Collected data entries
◆ ◆ ◆ ◆ ◆
(* Let $\mathcal T$ be a type theory. (1) If $B\vdash^{\mathcal T}_{\equiv}\Delta_1:\sigma$ and $\Delta_1\to\Delta_2$, then $\|\Delta_1\|=_\beta\|\Delta_2\|$. (2) For $\mathcal R\in\{=_\beta,=_{\beta\eta}\}$: if $B\vdash^{\mathcal T}_{\mathcal R}\Delta_1:\sigma$ and $\Delta_1\to\Delta_2$, then $\|\Delta_1\|\mathrel{\mathcal R}\|\Delta_2\|$. (3) If $B\vdash^{\mathcal T}_{=_{\beta\eta}}\Delta_1:\sigma$ and $\Delta_1\to_\eta\Delta_2$, then $\|\Delta_1\|=_\eta\|\Delta_2\|$.
   Context: Type atoms: a set $\mathbb{A}$ of symbols; $\omega$ denotes a distinguished atom (the universal type). Intersection types over $\mathbb A$: $\sigma::= a\mid\sigma\to\sigma\mid\sigma\cap\sigma$ ($a\in\mathbb A$). An intersection type theory $\mathcal T$ over $\mathbb A$ is a set of inequalities $\sigma\le\tau$ (written $\sigma\le_{\mathcal T}\tau$) closed under (refl) $\sigma\le\sigma$; (incl) $\sigma\cap\tau\le\sigma$ and $\sigma\cap\tau\le\tau$; (glb) $\rho\le\sigma$ and $\rho\le\tau$ imply $\rho\le\sigma\cap\tau$; (trans) $\sigma\le\tau$ and $\tau\le\rho$ imply $\sigma\le\rho$. $\Delta$-terms: $\Delta::=u_\Delta\mid x\mid\lambda x{:}\sigma.\Delta\mid\Delta\,\Delta\mid\langle\Delta,\Delta\rangle\mid pr_1\Delta\mid pr_2\Delta\mid\Delta^\sigma$, where for every (not necessarily typable) $\Delta$-term $\Delta$ there is a constant $u_\Delta$. The essence $\|\Delta\|$ is the pure $\lambda$-term defined by $\|x\|=x$, $\|u_\Delta\|=\|\Delta\|$, $\|\Delta^\sigma\|=\|\Delta\|$, $\|\lambda x{:}\sigma.\Delta\|=\lambda x.\|\Delta\|$, $\|\Delta_1\Delta_2\|=\|\Delta_1\|\,\|\Delta_2\|$, $\|\langle\Delta_1,\Delta_2\rangle\|=\|\Delta_1\|$, $\|pr_i\Delta\|=\|\Delta\|$. Let $\mathcal R$ be one of $\equiv$ (syntactic identity up to $\alpha$), $=_\beta$, $=_{\beta\eta}$ on pure $\lambda$-terms. A basis $B$ is a finite set of declarations $x{:}\sigma$ with distinct variables. The typed system $\Delta^{\mathcal T}_{\mathcal R}$ derives $B\vdash^{\mathcal T}_{\mathcal R}\Delta:\sigma$ by: (top) $B\vdash u_\Delta:\omega$ if $\omega\in\mathbb A$; (ax) $B\vdash x:\sigma$ if $x{:}\sigma\in B$; ($\to$I) from $B,x{:}\sigma\vdash\Delta:\tau$ infer $B\vdash\lambda x{:}\sigma.\Delta:\sigma\to\tau$; ($\to$E) from $B\vdash\Delta_1:\sigma\to\tau$ and $B\vdash\Delta_2:\sigma$ infer $B\vdash\Delta_1\Delta_2:\tau$; ($\cap$I) from $B\vdash\Delta_1:\sigma$, $B\vdash\Delta_2:\tau$ and $\|\Delta_1\|\mathrel{\mathcal R}\|\Delta_2\|$ infer $B\vdash\langle\Delta_1,\Delta_2\rangle:\sigma\cap\tau$; ($\cap$E$_1$) from $B\vdash\Delta:\sigma\cap\tau$ infer $B\vdash pr_1\Delta:\sigma$; ($\cap$E$_2$) from $B\vdash\Delta:\sigma\cap\tau$ infer $B\vdash pr_2\Delta:\tau$; ($\le_{\mathcal T}$) from $B\vdash\Delta:\sigma$ and $\sigma\le_{\mathcal T}\tau$ infer $B\vdash\Delta^\tau:\tau$. Substitution $\Delta_1[\Delta_2/x]$ is capture-avoiding, with $u_{\Delta_1}[\Delta_2/x]=u_{\Delta_1[\Delta_2/x]}$ and $(\Delta_1^\sigma)[\Delta_2/x]=(\Delta_1[\Delta_2/x])^\sigma$. Notions of reduction: $(\beta)$ $(\lambda x{:}\sigma.\Delta_1)\Delta_2\to\Delta_1[\Delta_2/x]$; $(pr_i)$ $pr_i\langle\Delta_1,\Delta_2\rangle\to\Delta_i$ ($i=1,2$); $(\eta)$ $\lambda x{:}\sigma.\Delta\,x\to\Delta$ if $x\notin FV(\Delta)$. ($(\lambda x{:}\sigma.\Delta_1)^\tau\Delta_2$ is not a redex.) $\to$ denotes the contextual closure of $(\beta)$ and $(pr_i)$, and $\to_\eta$ that of $(\eta)$, where no reduction is performed inside the index $\Delta$ of a constant $u_\Delta$. *)

theory Defs
  imports Main
begin

text \<open>The universal
atom omega is given by a parameter om :: 'a option; om = Some w means that
omega = w belongs to the atom set, om = None means omega is not an atom.\<close>

datatype 'a ity = Atom 'a | Arr "'a ity" "'a ity" | Inter "'a ity" "'a ity"

definition type_theory :: "('a ity \<times> 'a ity) set \<Rightarrow> bool" where
  "type_theory T \<longleftrightarrow>
     (\<forall>s. (s, s) \<in> T) \<and>
     (\<forall>s t. (Inter s t, s) \<in> T \<and> (Inter s t, t) \<in> T) \<and>
     (\<forall>r s t. (r, s) \<in> T \<longrightarrow> (r, t) \<in> T \<longrightarrow> (r, Inter s t) \<in> T) \<and>
     (\<forall>s t r. (s, t) \<in> T \<longrightarrow> (t, r) \<in> T \<longrightarrow> (s, r) \<in> T)"

datatype lterm = LVar nat | LApp lterm lterm | LAbs lterm

fun llift :: "nat \<Rightarrow> lterm \<Rightarrow> lterm" where
  "llift k (LVar i) = (if i < k then LVar i else LVar (Suc i))"
| "llift k (LApp s t) = LApp (llift k s) (llift k t)"
| "llift k (LAbs t) = LAbs (llift (Suc k) t)"

fun lsubst :: "lterm \<Rightarrow> nat \<Rightarrow> lterm \<Rightarrow> lterm" where
  "lsubst (LVar i) k s = (if i < k then LVar i else if i = k then s else LVar (i - 1))"
| "lsubst (LApp t u) k s = LApp (lsubst t k s) (lsubst u k s)"
| "lsubst (LAbs t) k s = LAbs (lsubst t (Suc k) (llift 0 s))"

fun lfree :: "nat \<Rightarrow> lterm \<Rightarrow> bool" where
  "lfree k (LVar i) = (i = k)"
| "lfree k (LApp s t) = (lfree k s \<or> lfree k t)"
| "lfree k (LAbs t) = lfree (Suc k) t"

fun ldown :: "nat \<Rightarrow> lterm \<Rightarrow> lterm" where
  "ldown k (LVar i) = (if i < k then LVar i else LVar (i - 1))"
| "ldown k (LApp s t) = LApp (ldown k s) (ldown k t)"
| "ldown k (LAbs t) = LAbs (ldown (Suc k) t)"

inductive lbeta :: "lterm \<Rightarrow> lterm \<Rightarrow> bool" where
  beta: "lbeta (LApp (LAbs s) t) (lsubst s 0 t)"
| appL: "lbeta s s' \<Longrightarrow> lbeta (LApp s t) (LApp s' t)"
| appR: "lbeta t t' \<Longrightarrow> lbeta (LApp s t) (LApp s t')"
| abs: "lbeta s s' \<Longrightarrow> lbeta (LAbs s) (LAbs s')"

inductive leta :: "lterm \<Rightarrow> lterm \<Rightarrow> bool" where
  eta: "\<not> lfree 0 s \<Longrightarrow> leta (LAbs (LApp s (LVar 0))) (ldown 0 s)"
| appL: "leta s s' \<Longrightarrow> leta (LApp s t) (LApp s' t)"
| appR: "leta t t' \<Longrightarrow> leta (LApp s t) (LApp s t')"
| abs: "leta s s' \<Longrightarrow> leta (LAbs s) (LAbs s')"

definition beta_eq :: "lterm \<Rightarrow> lterm \<Rightarrow> bool" where
  "beta_eq = equivclp lbeta"

definition eta_eq :: "lterm \<Rightarrow> lterm \<Rightarrow> bool" where
  "eta_eq = equivclp leta"

definition beta_eta_eq :: "lterm \<Rightarrow> lterm \<Rightarrow> bool" where
  "beta_eta_eq = equivclp (sup lbeta leta)"

datatype relkind = Syn | Beta | BetaEta

fun relOf :: "relkind \<Rightarrow> lterm \<Rightarrow> lterm \<Rightarrow> bool" where
  "relOf Syn = (=)"
| "relOf Beta = beta_eq"
| "relOf BetaEta = beta_eta_eq"

datatype 'a dterm =
    U "'a dterm"                   (* constant u_Delta *)
  | DVar nat
  | DLam "'a ity" "'a dterm"
  | DApp "'a dterm" "'a dterm"
  | DPair "'a dterm" "'a dterm"
  | Pr1 "'a dterm"
  | Pr2 "'a dterm"
  | Coe "'a dterm" "'a ity"

fun essence :: "'a dterm \<Rightarrow> lterm" where
  "essence (DVar i) = LVar i"
| "essence (U d) = essence d"
| "essence (Coe d s) = essence d"
| "essence (DLam s d) = LAbs (essence d)"
| "essence (DApp d e) = LApp (essence d) (essence e)"
| "essence (DPair d e) = essence d"
| "essence (Pr1 d) = essence d"
| "essence (Pr2 d) = essence d"

fun dlift :: "nat \<Rightarrow> 'a dterm \<Rightarrow> 'a dterm" where
  "dlift k (DVar i) = (if i < k then DVar i else DVar (Suc i))"
| "dlift k (U d) = U (dlift k d)"
| "dlift k (Coe d s) = Coe (dlift k d) s"
| "dlift k (DLam s d) = DLam s (dlift (Suc k) d)"
| "dlift k (DApp d e) = DApp (dlift k d) (dlift k e)"
| "dlift k (DPair d e) = DPair (dlift k d) (dlift k e)"
| "dlift k (Pr1 d) = Pr1 (dlift k d)"
| "dlift k (Pr2 d) = Pr2 (dlift k d)"

fun dsubst :: "'a dterm \<Rightarrow> nat \<Rightarrow> 'a dterm \<Rightarrow> 'a dterm" where
  "dsubst (DVar i) k s = (if i < k then DVar i else if i = k then s else DVar (i - 1))"
| "dsubst (U d) k s = U (dsubst d k s)"
| "dsubst (Coe d t) k s = Coe (dsubst d k s) t"
| "dsubst (DLam t d) k s = DLam t (dsubst d (Suc k) (dlift 0 s))"
| "dsubst (DApp d e) k s = DApp (dsubst d k s) (dsubst e k s)"
| "dsubst (DPair d e) k s = DPair (dsubst d k s) (dsubst e k s)"
| "dsubst (Pr1 d) k s = Pr1 (dsubst d k s)"
| "dsubst (Pr2 d) k s = Pr2 (dsubst d k s)"

fun dfree :: "nat \<Rightarrow> 'a dterm \<Rightarrow> bool" where
  "dfree k (DVar i) = (i = k)"
| "dfree k (U d) = dfree k d"
| "dfree k (Coe d s) = dfree k d"
| "dfree k (DLam s d) = dfree (Suc k) d"
| "dfree k (DApp d e) = (dfree k d \<or> dfree k e)"
| "dfree k (DPair d e) = (dfree k d \<or> dfree k e)"
| "dfree k (Pr1 d) = dfree k d"
| "dfree k (Pr2 d) = dfree k d"

fun ddown :: "nat \<Rightarrow> 'a dterm \<Rightarrow> 'a dterm" where
  "ddown k (DVar i) = (if i < k then DVar i else DVar (i - 1))"
| "ddown k (U d) = U (ddown k d)"
| "ddown k (Coe d s) = Coe (ddown k d) s"
| "ddown k (DLam s d) = DLam s (ddown (Suc k) d)"
| "ddown k (DApp d e) = DApp (ddown k d) (ddown k e)"
| "ddown k (DPair d e) = DPair (ddown k d) (ddown k e)"
| "ddown k (Pr1 d) = Pr1 (ddown k d)"
| "ddown k (Pr2 d) = Pr2 (ddown k d)"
◆ ◆ ◆ ◆ ◆
[Your goal]
Set down each line from the line containing "Coe (dlift k" through the final line of the data, exactly and with nothing added.

[Solution to this exercise]
| "dlift k (Coe d s) = Coe (dlift k d) s"
| "dlift k (DLam s d) = DLam s (dlift (Suc k) d)"
| "dlift k (DApp d e) = DApp (dlift k d) (dlift k e)"
| "dlift k (DPair d e) = DPair (dlift k d) (dlift k e)"
| "dlift k (Pr1 d) = Pr1 (dlift k d)"
| "dlift k (Pr2 d) = Pr2 (dlift k d)"

fun dsubst :: "'a dterm \<Rightarrow> nat \<Rightarrow> 'a dterm \<Rightarrow> 'a dterm" where
  "dsubst (DVar i) k s = (if i < k then DVar i else if i = k then s else DVar (i - 1))"
| "dsubst (U d) k s = U (dsubst d k s)"
| "dsubst (Coe d t) k s = Coe (dsubst d k s) t"
| "dsubst (DLam t d) k s = DLam t (dsubst d (Suc k) (dlift 0 s))"
| "dsubst (DApp d e) k s = DApp (dsubst d k s) (dsubst e k s)"
| "dsubst (DPair d e) k s = DPair (dsubst d k s) (dsubst e k s)"
| "dsubst (Pr1 d) k s = Pr1 (dsubst d k s)"
| "dsubst (Pr2 d) k s = Pr2 (dsubst d k s)"

fun dfree :: "nat \<Rightarrow> 'a dterm \<Rightarrow> bool" where
  "dfree k (DVar i) = (i = k)"
| "dfree k (U d) = dfree k d"
| "dfree k (Coe d s) = dfree k d"
| "dfree k (DLam s d) = dfree (Suc k) d"
| "dfree k (DApp d e) = (dfree k d \<or> dfree k e)"
| "dfree k (DPair d e) = (dfree k d \<or> dfree k e)"
| "dfree k (Pr1 d) = dfree k d"
| "dfree k (Pr2 d) = dfree k d"

fun ddown :: "nat \<Rightarrow> 'a dterm \<Rightarrow> 'a dterm" where
  "ddown k (DVar i) = (if i < k then DVar i else DVar (i - 1))"
| "ddown k (U d) = U (ddown k d)"
| "ddown k (Coe d s) = Coe (ddown k d) s"
| "ddown k (DLam s d) = DLam s (ddown (Suc k) d)"
| "ddown k (DApp d e) = DApp (ddown k d) (ddown k e)"
| "ddown k (DPair d e) = DPair (ddown k d) (ddown k e)"
| "ddown k (Pr1 d) = Pr1 (ddown k d)"
| "ddown k (Pr2 d) = Pr2 (ddown k d)"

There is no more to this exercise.